Federal update: DOJ partially rescheduled medical cannabis to Schedule III (April 28, 2026 final order). State-licensed medical operators may apply for expedited DEA registration through June 27, 2026; DEA hearing on full rescheduling set for June 29, 2026.

New River Gorge — Federal-Land Identity and Cannabis Friction

The New River Gorge National Park and Preserve, designated America’s 63rd National Park on December 27, 2020, is West Virginia’s signature visual landmark and a defining piece of the Mountain State’s outdoor identity. Whitewater rafting on the New and Gauley Rivers, BASE jumping on Bridge Day (every third Saturday of October), the Highland Scenic Highway, the Monongahela National Forest, and the broader Allegheny outdoor-recreation economy underpin West Virginia’s "Wild & Wonderful" tourism brand. Cannabis remains prohibited on all federal land — including the New River Gorge National Park — even with a West Virginia OMC medical card, under 36 CFR § 2.35. The outdoor identity is one of the strongest counter-narratives to coalfield-decline framing, and is increasingly relevant in cannabis-tourism debates as Maryland and Ohio adult-use legalize next door.

Last verified: May 2026

The 63rd National Park — A 2020 Federal Designation

On December 27, 2020, the Consolidated Appropriations Act, 2021 redesignated the New River Gorge National River (a National Park Service unit since 1978) as the New River Gorge National Park and Preserve, the 63rd unit of the U.S. National Park System with full "National Park" classification. The redesignation was sponsored by then-Sens. Joe Manchin (D-WV) and Shelley Moore Capito (R-WV) and Rep. Carol Miller (R-WV). The park covers approximately 72,808 acres across Fayette, Raleigh, and Summers Counties, with the park (53,000+ acres) carved out of the existing National River boundary and the surrounding 65,000+ acres designated as preserve land permitting hunting.
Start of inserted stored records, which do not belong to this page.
(* Let $\mathbf C$ be an $r$-regular category, $f:Y\to X$ an arrow and $Z$ an object, and consider the pullback square formed by $f\times 1_Z:Y\times Z\to X\times Z$, $\pi_Y:Y\times Z\to Y$, $\pi_X:X\times Z\to X$ and $f$. Let $S\in\mathsf{Sub}_r(X\times Z)$ and let $B_1,\dots,B_n\in\mathsf{Sub}_r(X)$ satisfy: (a) $\pi_X^{-1}(B_i)\le S$ for all $i$, and (b) for every $D\in\mathsf{Sub}_r(X)$ with $\pi_X^{-1}(D)\le S$ there is $i$ with $D\le B_i$. Then $f^{-1}(B_1),\dots,f^{-1}(B_n)\in\mathsf{Sub}_r(Y)$ satisfy the same properties with respect to $(f\times 1)^{-1}(S)$: (a') $\pi_Y^{-1}(f^{-1}(B_i))\le(f\times 1)^{-1}(S)$ for all $i$, and (b') for every $D\in\mathsf{Sub}_r(Y)$ with $\pi_Y^{-1}(D)\le(f\times1)^{-1}(S)$ there is $i$ with $D\le f^{-1}(B_i)$.
   Context: A category is $r$-regular if it has all finite limits, epimorphisms are stable under pullback, and every arrow factors as an epimorphism followed by a regular monomorphism. $\mathsf{Sub}_r(X)$ is the poset of regular subobjects of $X$ and, for an arrow $g:Y\to X$, $g^{-1}:\mathsf{Sub}_r(X)\to\mathsf{Sub}_r(Y)$ is pullback along $g$; $\pi_X$, $\pi_Y$ are product projections. *)

theory Defs
  imports Main
begin

text \<open>Categories given explicitly by objects, arrows, domain, codomain,
composition (Comp g f = g after f) and identities.\<close>

record ('o,'a) cat =
  Ob :: "'o set"
  Ar :: "'a set"
  Dom :: "'a \<Rightarrow> 'o"
  Cod :: "'a \<Rightarrow> 'o"
  Comp :: "'a \<Rightarrow> 'a \<Rightarrow> 'a"
  Ident :: "'o \<Rightarrow> 'a"
lemma wall_dist_finite_weyl_word:
  assumes "w \<in> set (finite_weyl_words T)" "dominant q" "generic T q"
  shows "wall_dist T (word_act T w q) = wall_dist T q + length w"
  using wall_dist_fold_ascends[OF assms(3) ascends_finite_weyl_word[OF assms(1,2)]]
  by (simp add: fold_act_eq_word_act)

definition residues :: "afftype \<Rightarrow> (int \<times> int) list" where
  "residues T = [(x, y). x \<leftarrow> [1..scale T - 1], y \<leftarrow> [1..scale T - 1], generic T (x, y)]"

text \<open>The number of walls crossed by a translation by \<open>scale T\<close> in the coordinate \<open>c\<close>.\<close>
definition shift_length :: "afftype \<Rightarrow> (int \<times> int \<Rightarrow> int) \<Rightarrow> nat" where
  "shift_length T c = nat (\<Sum>r\<leftarrow>roots T. c r)"

lemma shift_length_pos: "0 < shift_length T fst" "0 < shift_length T snd"
  by (cases T; simp add: shift_length_def)+

lemma roots_nonneg: "(a, b) \<in> set (roots T) \<Longrightarrow> 0 \<le> a \<and> 0 \<le> b"
  by (cases T) auto

lemma generic_translate:
  "generic T (scale T * i + x, scale T * j + y) \<longleftrightarrow> generic T (x, y)"
proof -
  have "a * (scale T * i + x) + b * (scale T * j + y) = (a * x + b * y) + (a * i + b * j) * scale T"
    for a b by (simp add: algebra_simps)
  then have "scale T dvd a * (scale T * i + x) + b * (scale T * j + y) \<longleftrightarrow> scale T dvd a * x + b * y"
    for a b by simp
  then show ?thesis by (simp add: generic_def root_values_def case_prod_beta)
qed
lemma scat_fiber_moebius:
  assumes G: "simple_graph G" and s: "s \<in> kin_cone G" and x: "x \<in> scat_fiber G s"
    and det: "a * d - b * c \<noteq> 0" and nz: "\<And>k. c * x k + d \<noteq> 0"
  shows "(\<lambda>k. (a * x k + b) / (c * x k + d)) \<in> scat_fiber G s"
proof -
  define y where "y = (\<lambda>k. (a * x k + b) / (c * x k + d))"
  have dist: "distinct_pts x" using x by (simp add: scat_fiber_def)
  have "y k - y m \<noteq> 0" if "k \<noteq> m" for k m
    using moebius_diff[of c "x k" d "x m" a b] det dist that nz[of k] nz[of m]
    by (simp add: y_def distinct_pts_def)
  then have "distinct_pts y" unfolding distinct_pts_def by simp
  moreover have "(\<Sum>m\<in>nbrs G j. s {j, m} / (y j - y m)) = 0" for j
  proof -
    define K where "K = (c * x j + d) / (a * d - b * c)"
    have "x j \<noteq> x m" if "m \<in> nbrs G j" for m
      using dist nbrs_not_self[OF G that] by (auto simp: distinct_pts_def)
    then have "(\<Sum>m\<in>nbrs G j. s {j, m} / (y j - y m))
        = (\<Sum>m\<in>nbrs G j. K * ((c * x j + d) * (s {j, m} / (x j - x m)) - c * s {j, m}))"
      unfolding y_def K_def using det nz by (intro sum.cong refl divide_moebius_diff) auto
    also have "\<dots> = K * ((c * x j + d) * (\<Sum>m\<in>nbrs G j. s {j, m} / (x j - x m))
                         - c * (\<Sum>m\<in>nbrs G j. s {j, m}))"
      by (simp add: sum_subtractf sum_distrib_left right_diff_distrib)
    also have "\<dots> = 0"
      using x s by (simp add: scat_fiber_def scattering_def kin_cone_def)
    finally show ?thesis .
  qed
  ultimately show ?thesis unfolding y_def by (simp add: scat_fiber_def scattering_def)
qed

lemma scat_fiber_update_isolated:
  assumes iso: "\<And>m. s {i, m} = 0" and x: "x \<in> scat_fiber G s" and z: "\<And>k. k \<noteq> i \<Longrightarrow> z \<noteq> x k"
  shows "x(i := z) \<in> scat_fiber G s"
proof -
  have "distinct_pts (x(i := z))"
    using x z by (auto simp: scat_fiber_def distinct_pts_def)
  moreover have "s {j, m} / ((x(i := z)) j - (x(i := z)) m) = s {j, m} / (x j - x m)" for j m
    using iso[of j] iso[of m] by (cases "j = i \<or> m = i") (auto simp: insert_commute)
  then have "scattering G s (x(i := z)) \<longleftrightarrow> scattering G s x"
    unfolding scattering_def by presburger
  ultimately show ?thesis using x by (simp add: scat_fiber_def)
qed

section \<open>A four-parameter family in the fibre\<close>

text \<open>The Moebius transformation \<open>t \<mapsto> (u 2 * t + u 1) / (u 3 * t + 1)\<close> of all coordinates
  except \<open>i\<close>, multiplied by the common denominator \<open>\<Prod>l \<noteq> i. u 3 * x l + 1\<close> so that it is
  polynomial in \<open>u\<close>; coordinate \<open>i\<close> is the free parameter \<open>u 0\<close>.\<close>
definition moebius_family :: "'v::finite \<Rightarrow> ('v \<Rightarrow> complex) \<Rightarrow> (nat \<Rightarrow> complex) \<Rightarrow> 'v \<Rightarrow> complex" where
  "moebius_family i x u k =
     (if k = i then u 0 else (u 2 * x k + u 1) * (\<Prod>l\<in>UNIV - {i, k}. u 3 * x l + 1))"

lemma poly_map_moebius_family: "poly_map (moebius_family i x)"
  unfolding poly_map_def
proof
  fix k
  show "poly_fun (\<lambda>u. moebius_family i x u k)"
  proof (cases "k = i")
    case False
    then show ?thesis unfolding moebius_family_def
      by (simp, intro poly_fun.pmult poly_fun.padd poly_fun_prod poly_fun.pvar poly_fun.pconst) simp_all
  qed (simp add: moebius_family_def poly_fun.pvar)
qed

lemma moebius_family_base: "moebius_family i x (\<lambda>n. if n = 0 then x i else if n = 2 then 1 else 0) = x"
  by (auto simp: moebius_family_def)
text \<open>
  Let \<open>E\<close> be the product of the denominators of all parameters, and call a fraction \<open>p/q\<close>
  small if \<open>|p|, q \<le> N = 2^K\<close> with \<open>K = (2d + 1)(m + 1)\<close>. On an interval whose interior
  contains no small fraction every neuron computes an affine map \<open>t \<mapsto> a t + c\<close> with
  \<open>E a, E c\<close> integers of modulus at most \<open>N\<close>: inductively over the layers, each pre-activation
  is again such a map, and if it changed sign on the interval its root \<open>-c/a\<close> would be a small
  fraction, so every ReLU acts there as the identity or as zero. Hence \<open>g\<close> is affine between
  consecutive small fractions of \<open>[x - \<epsilon>, x + \<epsilon>]\<close>, whose endpoints are small fractions
  themselves, and its minimum is attained at one of them; an affine map of the above kind takes
  at a small fraction a value whose numerator and denominator are below \<open>2^(2K + 2)\<close>.
\<close>

section \<open>Bit lengths\<close>

declare nat_bits.simps [simp del]

lemma nat_bits_less_2: "n < 2 \<Longrightarrow> nat_bits n = 1"
  by (subst nat_bits.simps) simp

lemma nat_bits_ge_2: "2 \<le> n \<Longrightarrow> nat_bits n = nat_bits (n div 2) + 1"
  by (subst nat_bits.simps) simp

lemma nat_bits_ge_1: "1 \<le> nat_bits n"
  by (subst nat_bits.simps) simp

lemma less_two_pow_nat_bits: "n < 2 ^ nat_bits n"
proof (induction n rule: nat_bits.induct)
  case (1 n)
  then show ?case
    by (cases "n < 2") (auto simp: nat_bits_less_2 nat_bits_ge_2)
qed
The New River itself is, paradoxically, one of the oldest rivers on Earth (geologists estimate 65-300 million years old, predating the Appalachian Mountains it cuts through). The river flows north through the Appalachians, the only major U.S. river with that orientation. The New River Gorge Bridge, completed in 1977, was for nearly 30 years the longest single-arch steel bridge in the world; it remains the longest in the Western Hemisphere at 3,030 feet.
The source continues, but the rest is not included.